The sampling unit in the CEEC corpora is the individual letter writer. In principle, writers of both sexes and all sections of the social hierarchy are included from each successive 20-year period covered by the corpus. The continuity of regional coverage was taken into account by selecting informants from London, East Anglia, the North (the counties north of Lincolnshire), as well as members of the Royal Court, many of whom lived in Westminster. These four areas cover about half of the original CEEC.

Where possible, the minimum of ten medium-length letters by informant was aimed at, but especially with writers whose writing spanned two or three successive 20-year periods, more were included. By contrast, fewer than ten letters were available from many women writers and writers coming from the lower social ranks.

To make the CEEC as flexible a tool as possible, its different versions come in two basic file formats. The format based on the edited letter collections the material has been selected from has its advantages: it may offer the corpus user ready access to some sociolinguistically relevant communities, such as extended families and their networks of friends, partners, colleagues and other contacts. For many sociolinguistic studies, however, files representing individual letter writers are preferable.

The original 1998 version of the CEEC has 778 letter writers, retrieved from 96 collections, and it exists in both collection-based and individual files. This version consists of 244 files for individual writers with the minimum of 2,000 words, and six period-specific files containing the data from the rest of the writers. The CEEC Supplement is based on 19 collections (94 informants), and the 18th-century Extension on 77 collections (308 informants). Both exist in the two formats.
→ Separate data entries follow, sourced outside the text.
(* For every vertex $(r,t,s)$ of the Farey tree $\mathrm{F}\mathbb T$, one has $\Omega(t)=\Omega(r)^{-1}\,xyz\,\Omega(s)^{-1}$ in $\mathfrak F_3$.
   Context: $\mathfrak F_3$ is the free group on $\{x,y,z\}$. Farey tree $\mathrm{F}\mathbb T$: rooted planar binary tree with root $(\frac01,\frac11,\frac10)$, and each vertex $(\frac ab,\frac cd,\frac ef)$ has left child $(\frac ab,\frac{a+c}{b+d},\frac cd)$ and right child $(\frac cd,\frac{c+e}{d+f},\frac ef)$; $\frac10$ represents $\infty$. Every positive rational $t$ occurs as the middle entry of exactly one vertex. Word tree $\mathrm{W}\mathbb T$: rooted planar binary tree with vertices in $\mathfrak F_3^3$, root $(x,y,z)$, and a vertex $(a,b,c)$ has left child $(a,bcb^{-1},b)$ and right child $(b,b^{-1}ab,c)$. $\Omega(t)$ for positive rational $t$: the middle entry of the vertex of $\mathrm{W}\mathbb T$ at the same position (same sequence of left/right moves from the root) as the unique vertex of $\mathrm{F}\mathbb T$ with middle entry $t$; $\Omega(\frac01)=x$, $\Omega(\frac10)=z$. *)

theory Defs
  imports Complex_Main
begin

datatype gen = GX | GY | GZ

text \<open>A letter is a generator together with an exponent sign (True = +1, False = -1).\<close>

type_synonym letter = "gen \<times> bool"
type_synonym word = "letter list"

definition inv_letter :: "letter \<Rightarrow> letter" where
  "inv_letter l = (fst l, \<not> snd l)"

definition cons_red :: "letter \<Rightarrow> word \<Rightarrow> word" where
  "cons_red l w = (case w of [] \<Rightarrow> [l] | m # w' \<Rightarrow> if m = inv_letter l then w' else l # w)"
The two published versions of the CEEC only come in collection-based formats. The Sampler version, CEECS, consists of 23 collections with 194 informants. It is further divided into two partly overlapping subperiods, CEECS1 (1418–1638) and CEECS2 (1580–1680), which constitute separate files.

The linguistically annotated version, PCEEC, has 666 informants from a total of 84 collections. It comes in collection-based files of three different kinds: plain text files, part-of-speech tagged files, and parsed text files. The collections can be periodized following, for instance, the Helsinki Corpus periods: M3 (1350–1419), M4 (1420–1499), E1 (1500–1569), E2 (1570–1639), and E3 (1640–1710), as this information has been encoded into each letter, together with the year of writing.